В Барселоне тогда, как и сейчас, не хватало места для гостей. Там не было отелей, которые даже пламенный патриот осмелился бы назвать первоклассными по стандартам Парижа, Лондона или Рима. Доменек-и-Монтанер получил распоряжение построить такой отель в начале 1888 года. И (что невероятно при тогдашних задержках в строительстве и перерасходе средств) ему удалось уложиться в сроки и не выйти из бюджета. «Отель Интернасьональ», металлический каркас в кирпичной и терракотовой облицовке, имел пять этажей и 1600 комнат; его фасад, выходивший на улицу, был 500 футов длиной. Через три месяца перерезали ленточку и стали заселять первых гостей. Такие подвиги были бы сегодня немыслимы. Не состоявшие ни в каких профсоюзах рабочие трудились как рабы на галерах — по двенадцать часов в день, работали круглые сутки, посменно, ночью — при электрическом свете. Кроме того, такая скорость была результатом феноменального таланта организатора, которым обладал Доменек. Здание как бы собиралось из заранее изготовленных модулей. Мы никогда не узнаем, сколько было допущено небрежностей и как долго простоял бы «Отель Интернасьональ», потому что его снесли к окончанию работы выставки. Газеты сатирического толка, такие как «Колокольчик на балконе», рисовали карикатуры: здание уходит в прибрежный песок, будто корабль под воду. Разумеется, Доменек не намеревался строить столь эфемерное здание, и пресса очень жалела, когда его разобрали на куски, чтобы освоить пространство в 1889 году. «Собственность, — написал один возмущенный журналист, процитировав затертые слова Прудона, — это кража прав на красоту и искусство».
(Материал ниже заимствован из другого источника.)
definition ax6 :: "'a msalg \<Rightarrow> bool" where
  "ax6 L \<longleftrightarrow> (\<forall>n. \<forall>r\<in>carr L n.
      sup_s L n r (neg_s L n r) = top_s L n \<and> inf_s L n r (neg_s L n r) = bot_s L n)"

definition ax7 :: "'a msalg \<Rightarrow> bool" where
  "ax7 L \<longleftrightarrow> (\<forall>n. ex_s L n (bot_s L (Suc n)) = bot_s L n \<and>
      (\<forall>r\<in>carr L (Suc n). \<forall>s\<in>carr L (Suc n).
         ex_s L n (sup_s L (Suc n) r s) = sup_s L n (ex_s L n r) (ex_s L n s)))"

definition ax8 :: "'a msalg \<Rightarrow> bool" where
  "ax8 L \<longleftrightarrow> (\<forall>n. \<forall>r\<in>carr L (Suc n).
      le_s L (Suc n) r (msubst L (Suc n) (cyl n) (ex_s L n r)))"

definition ax9 :: "'a msalg \<Rightarrow> bool" where
  "ax9 L \<longleftrightarrow> (\<forall>n. \<forall>r\<in>carr L (Suc n). \<forall>s\<in>carr L n.
      ex_s L n (inf_s L (Suc n) r (msubst L (Suc n) (cyl n) s)) = inf_s L n (ex_s L n r) s)"

text \<open>alphas ! i : k_i -> m (k_i = length (alphas ! i)), i < n;
  beta_i = alpha_i extended by k_i |-> m + i (0-based).\<close>
definition ax10 :: "'a msalg \<Rightarrow> bool" where
  "ax10 L \<longleftrightarrow> (\<forall>m (alphas :: nat list list) rs.
      length rs = length alphas \<and>
      (\<forall>i<length alphas. (\<forall>j\<in>set (alphas ! i). j < m) \<and>
                          rs ! i \<in> carr L (Suc (length (alphas ! i)))) \<longrightarrow>
      ex_iter L m (length alphas)
        (big_inf L (m + length alphas)
           (map (\<lambda>i. msubst L (m + length alphas) (alphas ! i @ [m + i]) (rs ! i)) [0..<length alphas]))
      = big_inf L m
           (map (\<lambda>i. msubst L m (alphas ! i) (ex_s L (length (alphas ! i)) (rs ! i))) [0..<length alphas]))"

definition satisfies_axioms :: "'a msalg \<Rightarrow> bool" where
  "satisfies_axioms L \<longleftrightarrow> ax0 L \<and> ax1 L \<and> ax2 L \<and> ax3 L \<and> ax4 L \<and> ax5 L \<and>
     ax6 L \<and> ax7 L \<and> ax8 L \<and> ax9 L \<and> ax10 L"

definition tuples :: "'w set \<Rightarrow> nat \<Rightarrow> 'w list set" where
  "tuples W n = {xs. length xs = n \<and> set xs \<subseteq> W}"

definition fo_alg :: "'w set \<Rightarrow> 'w list set msalg" where
  "fo_alg W = \<lparr> carr = (\<lambda>n. Pow (tuples W n)),
     msubst = (\<lambda>k \<alpha> r. {xs \<in> tuples W k. map (nth xs) \<alpha> \<in> r}),
     bot_s = (\<lambda>n. {}),
     top_s = (\<lambda>n. tuples W n),
     sup_s = (\<lambda>n r s. r \<union> s),
     inf_s = (\<lambda>n r s. r \<inter> s),
     neg_s = (\<lambda>n r. tuples W n - r),
     ex_s = (\<lambda>n r. {xs \<in> tuples W n. \<exists>y\<in>W. xs @ [y] \<in> r}) \<rparr>"

definition subalgebra :: "(nat \<Rightarrow> 'b set) \<Rightarrow> 'b msalg \<Rightarrow> bool" where
  "subalgebra S M \<longleftrightarrow> (\<forall>n. S n \<subseteq> carr M n) \<and>
     (\<forall>n. bot_s M n \<in> S n \<and> top_s M n \<in> S n) \<and>
     (\<forall>n. \<forall>x\<in>S n. \<forall>y\<in>S n. sup_s M n x y \<in> S n \<and> inf_s M n x y \<in> S n) \<and>
     (\<forall>n. \<forall>x\<in>S n. neg_s M n x \<in> S n) \<and>
     (\<forall>n. \<forall>x\<in>S (Suc n). ex_s M n x \<in> S n) \<and>
     (\<forall>n k \<alpha>. subst_sym n k \<alpha> \<longrightarrow> (\<forall>x\<in>S n. msubst M k \<alpha> x \<in> S k))"

definition is_hom :: "(nat \<Rightarrow> 'a \<Rightarrow> 'b) \<Rightarrow> 'a msalg \<Rightarrow> 'b msalg \<Rightarrow> bool" where
  "is_hom h L M \<longleftrightarrow>
     (\<forall>n. h n (bot_s L n) = bot_s M n \<and> h n (top_s L n) = top_s M n) \<and>
     (\<forall>n. \<forall>x\<in>carr L n. \<forall>y\<in>carr L n.
        h n (sup_s L n x y) = sup_s M n (h n x) (h n y) \<and>
        h n (inf_s L n x y) = inf_s M n (h n x) (h n y)) \<and>
     (\<forall>n. \<forall>x\<in>carr L n. h n (neg_s L n x) = neg_s M n (h n x)) \<and>
     (\<forall>n. \<forall>x\<in>carr L (Suc n). h n (ex_s L n x) = ex_s M n (h (Suc n) x)) \<and>
     (\<forall>n k \<alpha>. subst_sym n k \<alpha> \<longrightarrow>
        (\<forall>x\<in>carr L n. h k (msubst L k \<alpha> x) = msubst M k \<alpha> (h n x)))"

definition is_iso :: "'a msalg \<Rightarrow> 'b msalg \<Rightarrow> bool" where
  "is_iso L M \<longleftrightarrow> (\<exists>h. (\<forall>n. bij_betw (h n) (carr L n) (carr M n)) \<and> is_hom h L M)"

definition iso_to_subalg_of_fo :: "'a msalg \<Rightarrow> 'w set \<Rightarrow> bool" where
  "iso_to_subalg_of_fo L W \<longleftrightarrow>
     (\<exists>S. subalgebra S (fo_alg W) \<and> is_iso L ((fo_alg W)\<lparr>carr := S\<rparr>))"

end

theory Submission
  imports Defs
begin

text \<open>Soundness: under an injective homomorphism into A(W) every axiom becomes a statement about
  relations on W, which is checked directly.

  Completeness is a Henkin construction. An element r of sort n together with a list v of n
  parameters is read as the statement r(v); a finite list of statements is consistent if their
  conjunction, read in the sort given by their parameters, is nonzero. The parameters are
  witness terms Eps \<psi> ts, one for each \<exists>y. \<psi>(ts, y), and the Henkin axioms
  \<exists>y. \<psi>(ts, y) \<longrightarrow> \<psi>(ts, Eps \<psi> ts) are jointly consistent because adding one with a
  fresh witness is conservative (axioms (8)-(10)). By Zorn's lemma they extend to a maximal
  consistent set M, and r \<mapsto> {v. r(v) \<in> M} is a homomorphism into A(witness terms). It is
  injective because sort 0 is two-valued (axiom (0)), so that every nonzero element, projected
  to sort 0, is true and hence holds of some tuple. If \<exists>(1) = 0 the positive sorts are trivial
  and L is A(\<emptyset>). Finally the witness terms inject into nat \<times> 'a set.\<close>

locale boolean_algebra_on =
  fixes B :: "'a set" and meet join :: "'a \<Rightarrow> 'a \<Rightarrow> 'a" and neg :: "'a \<Rightarrow> 'a" and zero one :: 'a
  assumes zero_closed: "zero \<in> B" and one_closed: "one \<in> B"
    and meet_closed: "x \<in> B \<Longrightarrow> y \<in> B \<Longrightarrow> meet x y \<in> B"
    and join_closed: "x \<in> B \<Longrightarrow> y \<in> B \<Longrightarrow> join x y \<in> B"
    and neg_closed: "x \<in> B \<Longrightarrow> neg x \<in> B"
    and join_assoc: "x \<in> B \<Longrightarrow> y \<in> B \<Longrightarrow> z \<in> B \<Longrightarrow> join (join x y) z = join x (join y z)"
    and meet_assoc: "x \<in> B \<Longrightarrow> y \<in> B \<Longrightarrow> z \<in> B \<Longrightarrow> meet (meet x y) z = meet x (meet y z)"
    and join_comm: "x \<in> B \<Longrightarrow> y \<in> B \<Longrightarrow> join x y = join y x"
    and meet_comm: "x \<in> B \<Longrightarrow> y \<in> B \<Longrightarrow> meet x y = meet y x"
    and join_meet_absorb: "x \<in> B \<Longrightarrow> y \<in> B \<Longrightarrow> join x (meet x y) = x"
    and meet_join_absorb: "x \<in> B \<Longrightarrow> y \<in> B \<Longrightarrow> meet x (join x y) = x"
    and meet_join_distrib: "x \<in> B \<Longrightarrow> y \<in> B \<Longrightarrow> z \<in> B \<Longrightarrow> meet x (join y z) = join (meet x y) (meet x z)"
    and join_zero: "x \<in> B \<Longrightarrow> join x zero = x"
    and meet_one: "x \<in> B \<Longrightarrow> meet x one = x"
    and join_neg: "x \<in> B \<Longrightarrow> join x (neg x) = one"
    and meet_neg: "x \<in> B \<Longrightarrow> meet x (neg x) = zero"
begin

definition le :: "'a \<Rightarrow> 'a \<Rightarrow> bool" where
  "le x y \<longleftrightarrow> x = meet x y"

lemma meet_idem: "x \<in> B \<Longrightarrow> meet x x = x"
  by (metis meet_join_absorb join_zero zero_closed)

lemma zero_join: "x \<in> B \<Longrightarrow> join zero x = x"
  by (metis join_comm join_zero zero_closed)

lemma zero_meet: "x \<in> B \<Longrightarrow> meet zero x = zero"
  by (metis meet_join_absorb zero_join zero_closed)

lemma meet_zero: "x \<in> B \<Longrightarrow> meet x zero = zero"
  by (metis meet_comm zero_meet zero_closed)

lemma one_meet: "x \<in> B \<Longrightarrow> meet one x = x"
  by (metis meet_comm meet_one one_closed)

lemma one_join: "x \<in> B \<Longrightarrow> join one x = one"
  using join_meet_absorb[OF one_closed, of x] by (simp add: one_meet)

lemma join_one: "x \<in> B \<Longrightarrow> join x one = one"
  by (simp add: join_comm one_closed one_join)

lemma neg_one: "neg one = zero"
  using meet_neg[OF one_closed] by (simp add: one_meet neg_closed one_closed)

lemma neg_zero: "neg zero = one"
  using join_neg[OF zero_closed] by (simp add: zero_join neg_closed zero_closed)

lemma meet_split_neg: "x \<in> B \<Longrightarrow> a \<in> B \<Longrightarrow> x = join (meet x a) (meet x (neg a))"
  by (metis join_neg meet_join_distrib meet_one neg_closed)

lemma eq_zero_by_cases: "x \<in> B \<Longrightarrow> a \<in> B \<Longrightarrow> meet x a = zero \<Longrightarrow> meet x (neg a) = zero \<Longrightarrow> x = zero"
  by (metis meet_split_neg join_zero zero_closed)

lemma meet_eq_zero_by_cases:
  assumes "x \<in> B" "y \<in> B" "a \<in> B" and "meet a x = zero" and "meet (neg a) y = zero"
  shows "meet x y = zero"
proof (rule eq_zero_by_cases)
  show "meet (meet x y) a = zero"
    using assms by (metis meet_assoc meet_comm meet_closed zero_meet)
  show "meet (meet x y) (neg a) = zero"
    using assms by (metis meet_assoc meet_comm meet_closed neg_closed zero_meet)
qed (use assms in \<open>simp_all add: meet_closed\<close>)

lemma le_refl: "x \<in> B \<Longrightarrow> le x x"
  by (simp add: le_def meet_idem)

lemma le_trans: "x \<in> B \<Longrightarrow> y \<in> B \<Longrightarrow> z \<in> B \<Longrightarrow> le x y \<Longrightarrow> le y z \<Longrightarrow> le x z"
  unfolding le_def by (metis meet_assoc)

lemma le_antisym: "x \<in> B \<Longrightarrow> y \<in> B \<Longrightarrow> le x y \<Longrightarrow> le y x \<Longrightarrow> x = y"
  unfolding le_def by (metis meet_comm)

lemma le_meet_iff: "x \<in> B \<Longrightarrow> y \<in> B \<Longrightarrow> z \<in> B \<Longrightarrow> le x (meet y z) \<longleftrightarrow> le x y \<and> le x z"
  unfolding le_def by (metis meet_assoc meet_comm meet_idem meet_closed)

lemma meet_le1: "x \<in> B \<Longrightarrow> y \<in> B \<Longrightarrow> le (meet x y) x"
  using le_meet_iff le_refl meet_closed by blast

lemma meet_le2: "x \<in> B \<Longrightarrow> y \<in> B \<Longrightarrow> le (meet x y) y"
  using le_meet_iff le_refl meet_closed by blast

lemma le_join1: "x \<in> B \<Longrightarrow> y \<in> B \<Longrightarrow> le x (join x y)"
  by (simp add: meet_join_absorb le_def)

lemma le_join2: "x \<in> B \<Longrightarrow> y \<in> B \<Longrightarrow> le y (join x y)"
  by (metis join_comm le_join1)

lemma le_one: "x \<in> B \<Longrightarrow> le x one"
  by (simp add: le_def meet_one)

lemma le_zero_iff: "x \<in> B \<Longrightarrow> le x zero \<longleftrightarrow> x = zero"
  by (auto simp: le_def meet_zero zero_meet)

lemma nonzero_if_le: "x \<in> B \<Longrightarrow> y \<in> B \<Longrightarrow> le x y \<Longrightarrow> x \<noteq> zero \<Longrightarrow> y \<noteq> zero"
  using le_zero_iff by blast

lemma le_iff_meet_neg_eq_zero:
  assumes "x \<in> B" "a \<in> B"
  shows "le x a \<longleftrightarrow> meet x (neg a) = zero"
proof
  assume "le x a"
  then have "meet x (neg a) = meet x (meet a (neg a))"
    using assms by (metis le_def meet_assoc neg_closed)
  then show "meet x (neg a) = zero"
    using assms by (simp add: meet_neg meet_zero)
next
  assume "meet x (neg a) = zero"
  then have "x = meet x a"
    using assms meet_split_neg[of x a] by (simp add: join_zero meet_closed)
  then show "le x a"
    by (simp add: le_def)
qed

lemma neq_imp_meet_neg_neq_zero:
  "x \<in> B \<Longrightarrow> y \<in> B \<Longrightarrow> x \<noteq> y \<Longrightarrow> meet x (neg y) \<noteq> zero \<or> meet y (neg x) \<noteq> zero"
  using le_iff_meet_neg_eq_zero le_antisym by blast

lemma meet_join_neg_neg:
  assumes "a \<in> B" "b \<in> B"
  shows "meet (join a b) (meet (neg a) (neg b)) = zero"
proof -
  have "meet a (meet (neg a) (neg b)) = zero"
    using assms by (metis meet_assoc meet_neg zero_meet neg_closed)
  moreover have "meet b (meet (neg a) (neg b)) = zero"
    using assms by (metis meet_assoc meet_comm meet_neg meet_zero neg_closed)
  ultimately show ?thesis
    using assms by (metis meet_join_distrib meet_comm join_zero zero_closed meet_closed neg_closed join_closed)
qed
lemma periodic_attains_max:
  fixes g :: "real \<Rightarrow> real"
  assumes "\<And>t. g (t + 1) = g t" "\<And>t. isCont g t"
  shows "\<exists>t0. \<forall>t. g t \<le> g t0"
proof -
  interpret periodic_fun_simple' g by unfold_locales (rule assms(1))
  have "continuous_on {0..1} g"
    using assms(2) by (simp add: continuous_at_imp_continuous_on)
  then obtain t0 where t0: "\<forall>t\<in>{0..1}. g t \<le> g t0"
    using continuous_attains_sup[of "{0..1::real}" g] by auto
  have "g t \<le> g t0" for t
  proof -
    have "g t = g (frac t)"
      using minus_of_int[of t "\<lfloor>t\<rfloor>"] by (simp add: frac_def)
    also have "\<dots> \<le> g t0"
      using t0 frac_ge_0[of t] frac_lt_1[of t] by simp
    finally show ?thesis .
  qed
  then show ?thesis
    by blast
qed

lemma proj_pt_conv_scaleR: "proj_pt v = {c *\<^sub>R v | c. c \<noteq> 0}"
  by (cases v) (simp add: proj_pt_def)

lemma mem_proj_pt_self: "v \<in> proj_pt v"
  unfolding proj_pt_conv_scaleR by (auto intro: exI[of _ 1])

lemma proj_pt_eq_iff: "proj_pt v = proj_pt w \<longleftrightarrow> (\<exists>c. c \<noteq> 0 \<and> v = c *\<^sub>R w)"
proof
  assume "proj_pt v = proj_pt w"
  then show "\<exists>c. c \<noteq> 0 \<and> v = c *\<^sub>R w"
    using mem_proj_pt_self[of v] unfolding proj_pt_conv_scaleR by blast
next
  assume "\<exists>c. c \<noteq> 0 \<and> v = c *\<^sub>R w"
  then obtain c where "c \<noteq> 0" and v: "v = c *\<^sub>R w"
    by blast
  show "proj_pt v = proj_pt w"
  proof (intro equalityI subsetI)
    fix x
    assume "x \<in> proj_pt v"
    then obtain d where "d \<noteq> 0" "x = (d * c) *\<^sub>R w"
      unfolding proj_pt_conv_scaleR v by auto
    then show "x \<in> proj_pt w"
      using \<open>c \<noteq> 0\<close> unfolding proj_pt_conv_scaleR by auto
  next
    fix x
    assume "x \<in> proj_pt w"
    then obtain d where "d \<noteq> 0" "x = (d / c) *\<^sub>R v"
      using \<open>c \<noteq> 0\<close> unfolding proj_pt_conv_scaleR v by auto
    then show "x \<in> proj_pt v"
      using \<open>c \<noteq> 0\<close> unfolding proj_pt_conv_scaleR by auto
  qed
qed

lemma proj_pt_affine_eq_iff: "proj_pt (a, b, 1) = proj_pt (a', b', 1) \<longleftrightarrow> a = a' \<and> b = b'"
proof
  assume "proj_pt (a, b, 1) = proj_pt (a', b', 1)"
  then obtain c where "(a, b, 1) = c *\<^sub>R (a', b', 1 :: real)"
    unfolding proj_pt_eq_iff by blast
  then show "a = a' \<and> b = b'"
    by simp
qed simp

lemma one_divide_antimono_same_sign:
  fixes x y :: real
  assumes "0 < x * y" "x \<le> y"
  shows "1 / y \<le> 1 / x"
  using assms by (metis le_imp_inverse_le le_imp_inverse_le_neg inverse_eq_divide zero_less_mult_iff)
Кроме еще одного произведения Доменека — кафе-ресторана и Триумфальной арки Хосепа Виласека, все еще стоящей на Пассейч де Луис Компани, ни одно из зданий, построенных к Всемирной выставке, не вызвало у населения симпатии и восхищения, и все они тоже были разрушены. Главная постройка периода выставки, дотянувшая в полуразрушенном состоянии до 1929 года, — Дворец индустрии, который команда архитекторов под руководством Рожента сделала полукруглым, полкольца толстого железа и стекла, которые, как надеялись создатели, удивят мир. Но были еще Галерея станков, Дворец науки, Павильон сельского хозяйства, Дворец изящных искусств и множество частных павильонов, хозяева которых выставляли свои товары, от сифонов для содовой до молотилок. Но следовало ли, например, модель замка в шесть футов высотой, изготовленную из сыра манчего, считать сельскохозяйственным экспонатом или произведением искусства? Проблема нахождения наилучшего места для того илии иного экспоната превратилась в кошмар, особенно если учесть, что очень мало кто из участвовавших стран заранее сообщил, что именно они будут выставлять. Часто экспонаты для всех оставались тайной, пока на складе не распаковывали коробки. Рог изобилия капитализма конца XIX века извергал в парк поток предметов иногда столь поразительных, что даже организаторы, не говоря уже о посетителях, не могли понять, что это такое и для чего предназначено. Все это создавало толпу и невыносимую суету, которая сохранилась на фотоснимках Дворца индустрии. Было много мелких краж, но даже воров, если верить веселому описанию Всемирной выставки в «Городе чудес», поражали масштабы действа. Два юных негодяя, Онофре Боувила и его подельник-верзила Эфрен Кастельс, специализировались на кражах часов — не из карманов, а из коробок.
Были здесь карманные часы, часы для башен и общественных зданий, часы с репетиром, часы со второй стрелкой, морские хронометры, маятники, астральные часы, хронометры для астрономических и научных наблюдений, клепсидры, песочные часы, часы-регуляторы, часы, показывающие солнечные и лунные циклы, электрические часы, гномоны, экваториальные, полярные, горизонтальные, азимутальные, прямого восхождения, склонения… «Если не избавимся от этих часов, — сказал верзила, — мы с ума сойдем от их тиканья и перезвона».